Fiche sectorielle · Ch. 12
Formation et requalification
Trois mille étudiants à la HES-SO Valais-Wallis, trois projets de campus à l’horizon 2030. L’angle mort : requalifier les actifs déjà en exercice. Le campus alpin comme dispositif d’orchestration.
Le contexte
La HES-SO Valais-Wallis accueille près de trois mille étudiants. Trois projets de campus sont engagés à Sion, Sierre et Brigue à l’horizon 2030. Le dispositif de formation initiale est sain.
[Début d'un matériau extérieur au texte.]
(* Let $n\ge3$. For a Boolean algebra $\mathbf A$ let $\mathbf A^r$ be the algebra on $A$ with ternary operations $t_1(x,y,z)=x(y'+z)$, $t_h(x,y,z)=xz$ for $2\le h\le n-2$, $t_{n-1}(x,y,z)=z(y'+x)$. Let $\mathbf A_1=\mathbf A_2=\mathbf 4^r$ and $\mathbf A_3=\mathbf 2^r$, where $\mathbf 4$ and $\mathbf 2$ are the $4$- and $2$-element Boolean algebras (distinguished element $0$). Let $\mathbf D$ be an algebra with ternary operations $s_0,\dots,s_{n-2}$ and let $\mathbf A_4$ be the algebra on $D$ with operations $t_{i+1}=s_i$ ($0\le i\le n-2$); assume $t_1$ is the first projection, $t_{n-1}$ the third projection and $t_h(x,y,x)=x$ for $2\le h\le n-2$ in $\mathbf A_4$. For $a,d\in A_4$ let $\mathbf B(a,d)$ be the subalgebra of $\mathbf A_1\times\mathbf A_2\times\mathbf A_3\times\mathbf A_4$ whose universe is the set of elements of at least one of the forms $(\ast,0,\ast,a)$, $(0,0,\ast,\ast)$, $(0,\ast,\ast,d)$, $(\ast,\ast,0,\ast)$. (i) If $n$ is even and $s_0,\dots,s_{n-2}$ are J\'onsson operations for $\mathbf D$ (with $n-2$ in place of $n$), then for all $a,d$ the algebra $\mathbf B(a,d)$ is $n$-alvin (with operations $t_1,\dots,t_{n-1}$ together with the first and third projections as $t_0,t_n$). (ii) If for some $r$ and some congruences $\tilde\alpha,\tilde\beta,\tilde\gamma$ of $\mathbf A_4$ the inclusion $\tilde\alpha(\tilde\beta\circ\tilde\alpha\tilde\gamma\circ\tilde\beta)\subseteq\tilde\alpha\tilde\gamma\circ\tilde\alpha\tilde\beta\circ\stackrel{r}{\dots}$ fails, then there are $a,d\in A_4$ and congruences $\alpha,\beta,\gamma$ of $\mathbf B(a,d)$ such that $\alpha(\beta\circ\alpha\gamma\circ\beta)\subseteq\alpha\beta\circ\alpha\gamma\circ\stackrel{r+2}{\dots}$ fails.
   Context: Boolean operations: juxtaposition (meet), $+$ (join), $'$ (complement). For relations juxtaposition is intersection and $\circ$ composition; $X\circ Y\circ\stackrel{k}{\dots}$ is the alternating composition $X\circ Y\circ X\circ\cdots$ with $k$ factors. J\'onsson (alvin) operations $t_0,\dots,t_n$: $t_0(x,y,z)=x$, $t_n(x,y,z)=z$, $t_h(x,y,x)=x$ for all $h$, $t_h(x,x,z)=t_{h+1}(x,x,z)$ for even $h$ and $t_h(x,z,z)=t_{h+1}(x,z,z)$ for odd $h$ (alvin: even/odd exchanged); an algebra is $n$-alvin if it has alvin terms $t_0,\dots,t_n$. *)

theory Defs
  imports Main
begin

type_synonym 'a top3 = "nat \<Rightarrow> 'a \<Rightarrow> 'a \<Rightarrow> 'a \<Rightarrow> 'a"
Mais il laisse dans l’angle mort la question décisive : comment requalifier les actifs déjà en exercice — vignerons de quarante-cinq ans, fiduciaires de cinquante, médecins de soixante, élus communaux — dont les métiers vont se transformer dans les cinq prochaines années.
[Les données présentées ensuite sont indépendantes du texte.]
definition supp :: "(complex \<Rightarrow> 'v::ab_group_add \<Rightarrow> 'v) \<Rightarrow> (complex \<Rightarrow> 'v \<Rightarrow> 'v) \<Rightarrow> complex set" where
  "supp s d = {\<mu>. weight_space s d \<mu> \<noteq> {0}}"

text \<open>V_{lambda+H}, as a Vir[H]-module, has weight spaces V_{lambda+h}, h in H.
  Uniformly bounded: their dimensions are bounded by a fixed N.\<close>
definition unif_bounded_coset ::
  "(complex \<Rightarrow> 'v::ab_group_add \<Rightarrow> 'v) \<Rightarrow> (complex \<Rightarrow> 'v \<Rightarrow> 'v) \<Rightarrow> complex \<Rightarrow> complex set \<Rightarrow> bool" where
  "unif_bounded_coset s d lam H \<longleftrightarrow>
     (\<exists>N::nat. \<forall>h\<in>H. fin_dim s (weight_space s d (lam + h)) \<and>
                     vector_space.dim s (weight_space s d (lam + h)) \<le> N)"

end

theory Submission
  imports Defs
begin

(* Let mu = lam + g1 + g2 with g1 in G1, g2 in G2. The operators d x for the six shifts
   x = -g2, g1-g2, 2g1-g2, -g1, g2-g1, 2g2-g1 map V_mu into V_(lam + k g1) and V_(lam + k g2),
   k = 1, 2, 3, whose dimensions are bounded. If mu is not 0 they have no common kernel in V_mu:
   brackets of annihilating operators give d(y)v = d(-y)v = d(2y)v = d(-2y)v = 0 for y = g1 - g2,
   and then [d y, d(-y)] v = 0 and [d(2y), d(-2y)] v = 0 are two equations in mu and c with the
   only solution mu = 0. Rank-nullity bounds dim V_mu by the sum of the six target dimensions.
   The degenerate cases g1 = 0, g2 = 0, g1 = g2 and mu = 0 are immediate, so irreducibility,
   nontriviality, the rank condition and lam <> 0 are never used. *)

context vector_space begin

lemma dim_subset_finite_span:
  assumes "V \<subseteq> W" and "W \<subseteq> span B" and "finite B"
  shows "dim V \<le> dim W"
proof -
  obtain C where C: "C \<subseteq> V" "independent C" "card C = dim V"
    using basis_exists by metis
  obtain D where D: "D \<subseteq> W" "independent D" "W \<subseteq> span D" "card D = dim W"
    using basis_exists by blast
  have "finite D"
    using independent_span_bound[OF \<open>finite B\<close> D(2)] D(1) assms(2) by blast
  then have "card C \<le> card D"
    using independent_span_bound[OF _ C(2)] C(1) D(3) assms(1) by blast
  with C(3) D(4) show ?thesis by simp
qed

lemma dim_le_dim_kernel_add_dim_image:
  assumes W: "subspace W" "W \<subseteq> span B" "finite B" and f: "Vector_Spaces.linear scale scale f"
  shows "dim W \<le> dim {w\<in>W. f w = 0} + dim (f ` W)"
proof -
  interpret f: Vector_Spaces.linear scale scale f by (rule f)
  let ?K = "{w\<in>W. f w = 0}"
  obtain A where A: "A \<subseteq> f ` W" "independent A" "f ` W \<subseteq> span A" "card A = dim (f ` W)"
    using basis_exists by blast
  have "f ` W \<subseteq> span (f ` B)"
    using W(2) by (auto simp: f.span_image)
  then have "finite A"
    using independent_span_bound[OF finite_imageI[OF W(3)] A(2)] A(1) by blast
  have "\<forall>a\<in>A. \<exists>w\<in>W. f w = a"
    using A(1) by blast
  then obtain p where p: "\<And>a. a \<in> A \<Longrightarrow> p a \<in> W \<and> f (p a) = a"
    by metis
  obtain K where K: "K \<subseteq> ?K" "independent K" "?K \<subseteq> span K" "card K = dim ?K"
    using basis_exists by blast
  have "finite K"
    using independent_span_bound[OF W(3) K(2)] K(1) W(2) by blast
  have "W \<subseteq> span (K \<union> p ` A)"
  proof
    fix w assume "w \<in> W"
    then obtain r where r: "f w = (\<Sum>a\<in>A. r a *s a)"
      using A(3) span_finite[OF \<open>finite A\<close>] by blast
    define t where "t = (\<Sum>a\<in>A. r a *s p a)"
    have "t \<in> W"
      unfolding t_def using p W(1) by (auto intro!: subspace_sum subspace_scale)
    moreover have "f t = f w"
      unfolding t_def r by (simp add: f.sum f.scale p)
    ultimately have "w - t \<in> ?K"
      using \<open>w \<in> W\<close> W(1) by (auto simp: subspace_diff f.diff)
    then have "w - t \<in> span (K \<union> p ` A)"
      using K(3) span_mono[of K "K \<union> p ` A"] by blast
    moreover have "t \<in> span (K \<union> p ` A)"
      unfolding t_def by (intro span_sum span_scale span_base) auto
    ultimately have "(w - t) + t \<in> span (K \<union> p ` A)"
      by (rule span_add)
    then show "w \<in> span (K \<union> p ` A)" by simp
  qed
  then have "dim W \<le> card (K \<union> p ` A)"
    using \<open>finite K\<close> \<open>finite A\<close> by (intro dim_le_card) auto
  also have "\<dots> \<le> card K + card A"
    using card_Un_le[of K "p ` A"] card_image_le[OF \<open>finite A\<close>, of p] by linarith
  finally show ?thesis using K(4) A(4) by simp
qed

lemma dim_le_dim_common_kernel_add_dims:
  assumes "subspace W" and "W \<subseteq> span B" and "finite B"
    and "\<forall>f\<in>set fs. Vector_Spaces.linear scale scale f"
  shows "dim W \<le> dim {w\<in>W. \<forall>f\<in>set fs. f w = 0} + (\<Sum>f\<leftarrow>fs. dim (f ` W))"
  using assms
proof (induction fs arbitrary: W)
  case Nil
  then show ?case by simp
next
  case (Cons f fs)
  let ?W' = "{w\<in>W. f w = 0}"
  have f: "Vector_Spaces.linear scale scale f" and fs: "\<forall>g\<in>set fs. Vector_Spaces.linear scale scale g"
    using Cons.prems(4) by auto
  interpret f: Vector_Spaces.linear scale scale f by (rule f)
  have "subspace ?W'"
    using subspace_inter[OF Cons.prems(1) f.subspace_kernel]
    by (simp add: Collect_conj_eq)
  moreover have "?W' \<subseteq> span B"
    using Cons.prems(2) by blast
  ultimately have IH: "dim ?W' \<le> dim {w\<in>?W'. \<forall>g\<in>set fs. g w = 0} + (\<Sum>g\<leftarrow>fs. dim (g ` ?W'))"
    using Cons.IH Cons.prems(3) fs by blast
  have "dim (g ` ?W') \<le> dim (g ` W)" if "g \<in> set fs" for g
  proof (rule dim_subset_finite_span)
    show "g ` ?W' \<subseteq> g ` W" by blast
    interpret g: Vector_Spaces.linear scale scale g using fs that by blast
    show "g ` W \<subseteq> span (g ` B)"
      using Cons.prems(2) by (auto simp: g.span_image)
  qed (use Cons.prems(3) in simp)
  then have "(\<Sum>g\<leftarrow>fs. dim (g ` ?W')) \<le> (\<Sum>g\<leftarrow>fs. dim (g ` W))"
    by (rule sum_list_mono)
  moreover have "{w\<in>?W'. \<forall>g\<in>set fs. g w = 0} = {w\<in>W. \<forall>g\<in>set (f # fs). g w = 0}"
    by auto
  ultimately show ?case
    using IH dim_le_dim_kernel_add_dim_image[OF Cons.prems(1-3) f] by simp
qed

end

lemma add_subgroup_closed:
  assumes "add_subgroup A"
  shows add_subgroup_zero: "0 \<in> A"
    and add_subgroup_add: "x \<in> A \<Longrightarrow> y \<in> A \<Longrightarrow> x + y \<in> A"
    and add_subgroup_uminus: "x \<in> A \<Longrightarrow> - x \<in> A"
    and add_subgroup_diff: "x \<in> A \<Longrightarrow> y \<in> A \<Longrightarrow> x - y \<in> A"
  using assms unfolding add_subgroup_def by (auto, metis diff_conv_add_uminus)

lemma add_subgroup_of_nat_mult:
  assumes "add_subgroup A" and "x \<in> A"
  shows "of_nat n * x \<in> A"
proof (induction n)
  case (Suc n)
  have "of_nat (Suc n) * x = of_nat n * x + x"
    by (simp add: distrib_right)
  then show ?case
    using add_subgroup_add[OF assms(1) Suc assms(2)] by simp
qed (simp add: add_subgroup_zero[OF assms(1)])

lemma cocycle_identities_imp_zero:
  fixes y \<mu> c :: "'a::field_char_0"
  assumes "y \<noteq> 0"
    and "(y ^ 3 - y) / 12 * c = 2 * y * \<mu>"
    and "((2 * y) ^ 3 - 2 * y) / 12 * c = 2 * (2 * y) * \<mu>"
  shows "\<mu> = 0"
proof -
  have e1: "(y ^ 3 - y) * c = 24 * y * \<mu>"
    using assms(2) by (simp add: field_simps)
  have e2: "(8 * y ^ 3 - 2 * y) * c = 48 * y * \<mu>"
    using assms(3) by (simp add: field_simps power_mult_distrib)
  have "6 * y ^ 3 * c = (8 * y ^ 3 - 2 * y) * c - 2 * ((y ^ 3 - y) * c)"
    by (simp add: algebra_simps)
  also have "\<dots> = 0"
    unfolding e1 e2 by simp
  finally have "c = 0"
    using assms(1) by simp
  then show ?thesis
    using assms(1,2) by simp
qed

lemma harish_chandra_fin_dim: "harish_chandra s d \<Longrightarrow> fin_dim s (weight_space s d \<mu>)"
  unfolding harish_chandra_def by blast

definition coset_shifts :: "complex \<Rightarrow> complex \<Rightarrow> complex list" where
  "coset_shifts g1 g2 = [- g2, g1 - g2, 2 * g1 - g2, - g1, g2 - g1, 2 * g2 - g1]"

lemma sum_list_coset_shifts:
  "(\<Sum>x\<leftarrow>coset_shifts g1 g2. f (lam + (g1 + g2) + x))
     = f (lam + g1) + f (lam + 2 * g1) + f (lam + 3 * g1) + f (lam + g2) + f (lam + 2 * g2) + f (lam + 3 * g2)"
proof -
  have "lam + (g1 + g2) + - g2 = lam + g1" "lam + (g1 + g2) + (g1 - g2) = lam + 2 * g1"
    "lam + (g1 + g2) + (2 * g1 - g2) = lam + 3 * g1" "lam + (g1 + g2) + - g1 = lam + g2"
    "lam + (g1 + g2) + (g2 - g1) = lam + 2 * g2" "lam + (g1 + g2) + (2 * g2 - g1) = lam + 3 * g2"
    by (simp_all add: algebra_simps)
  then show ?thesis
    by (simp only: coset_shifts_def list.map sum_list_simps add.assoc add_0_right)
qed

lemma coset_shifts_subset:
  assumes "add_subgroup G" and "g1 \<in> G" and "g2 \<in> G"
  shows "set (coset_shifts g1 g2) \<subseteq> G"
  using add_subgroup_of_nat_mult[OF assms(1), of _ 2] assms
  by (auto simp: coset_shifts_def add_subgroup_closed)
Ce que l’IA change — ou plutôt ce qu’il manque
Le paysage de la formation continue est fragmenté (chaque acteur opère en silo sectoriel), trop diplômant pour des actifs qui cherchent des outils immédiats, et sans porte d’entrée lisible. Ce qui manque est un dispositif d’orchestration — le campus alpin — qui n’invente pas les formations mais les assemble, les rend accessibles dans les deux langues du canton, à coût modique, en format modulaire court, ancré dans les cas concrets de chaque métier.
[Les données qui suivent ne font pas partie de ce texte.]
lemma rival_in_acells:
  assumes "c \<in> white P" "adj b c" "c \<noteq> arr P b"
  obtains k where "0 < k" "k < length (acells P b)" "acells P b ! k = c"
proof -
  have "c \<in> set (others P b)" using assms adj_in_nbrs unfolding others_def by simp
  then obtain j where "j < length (others P b)" "others P b ! j = c"
    by (auto simp: in_set_conv_nth)
  then show ?thesis using that[of "Suc j"] unfolding acells_def by simp
qed

lemma rsize_le_am: "k < length (acells P b) \<Longrightarrow> rsize P (acells P b ! k) \<le> am P b"
  unfolding am_def by (intro Max_ge) auto

lemma shifted_scan_finds_rival:
  fixes E :: "card list list" and s :: nat
  assumes len: "len = 2 * m - 1"
    and row0: "length (E ! 0) = len" "encodes Ac v0 (E ! 0)"
    and rowk: "length (E ! k) = len" "encodes (xset k) v (E ! k)"
    and k: "0 < k" "k < length E" "k < 4" and le: "v0 \<le> v" "v \<le> m"
  defines "sc \<equiv> shift_cols s (map (\<lambda>j. map (\<lambda>e. e ! j) E) [0..<len])"
  shows "\<exists>l<m. \<exists>card\<in>set (tl (sc ! (((LEAST i. i < len \<and> sc ! i ! 0 = Ac 1) + l) mod len))).
           card \<in> {Bc 1, Cc 1, Dc 1}"
proof -
  define cols where "cols = map (\<lambda>j. map (\<lambda>e. e ! j) E) [0..<len]"
  define i0 where "i0 = (LEAST i. i < len \<and> sc ! i ! 0 = Ac 1)"
  have v0: "1 \<le> v0" "v0 \<le> len" and v: "1 \<le> v" "v \<le> len"
    using row0 rowk unfolding encodes_def by auto
  have sc: "sc = permute_cols (rotate s [0..<len]) cols"
    unfolding sc_def cols_def shift_cols_eq_permute_cols by simp
  have "0 < length E" using k by linarith
  then have "cols ! j ! 0 = E ! 0 ! j" if "j < len" for j
    using that by (simp add: cols_def nth_map)
  then have "cols ! j ! 0 = Ac 1 \<longleftrightarrow> j = v0 - 1" if "j < len" for j
    using that row0 unfolding encodes_def by simp
  then have "i0 < len" "rotate s [0..<len] ! i0 = v0 - 1"
    using Least_permute_cols_key[OF is_perm_rotate, of "v0 - 1" len] v0
    unfolding i0_def sc by simp_all
  then have start: "(s + i0) mod len = v0 - 1" by (simp add: nth_rotate)
  define l where "l = v - v0"
  have "(s + (i0 + l) mod len) mod len = ((s + i0) mod len + l) mod len"
    by (simp add: mod_add_right_eq mod_add_left_eq add.assoc)
  also have "\<dots> = v - 1" using start v0 v le unfolding l_def by simp
  finally have "sc ! ((i0 + l) mod len) = cols ! (v - 1)"
    using v0 unfolding sc_def cols_def shift_cols_def by (simp add: nth_rotate)
  then have "tl (sc ! ((i0 + l) mod len)) = map (\<lambda>e. e ! (v - 1)) (tl E)"
    using v unfolding cols_def by (simp add: map_tl)
  moreover have "E ! k ! (v - 1) = xset k 1" using rowk v unfolding encodes_def by simp
  moreover have "E ! k \<in> set (tl E)"
  proof -
    have "k - 1 < length (tl E)" "tl E ! (k - 1) = E ! k" using k by (simp_all add: nth_tl)
    then show ?thesis by (metis nth_mem)
  qed
  moreover have "xset k 1 \<in> {Bc 1, Cc 1, Dc 1}"
    using k by (auto simp: xset_def less_Suc_eq numeral_eq_Suc)
  moreover have "l < m" using v0 le unfolding l_def by simp
  ultimately show ?thesis unfolding i0_def by force
qed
La priorité contre-intuitive
Équiper les seniors qui orchestrent, pas les jeunes qui exécutent. Les jeunes apprendront les outils seuls, par mimétisme. Les actifs en milieu de carrière ont besoin d’un signal institutionnel fort, d’un dispositif structuré, et d’une légitimité professionnelle pour s’y engager.
Décision à prendre
Confier à la HES-SO Valais-Wallis, par mandat cantonal explicite, le pilotage du campus alpin en partenariat avec l’Idiap, les associations professionnelles et les opérateurs publics. Calendrier réaliste : premiers résultats visibles en 2028 si lancé en 2026–2027.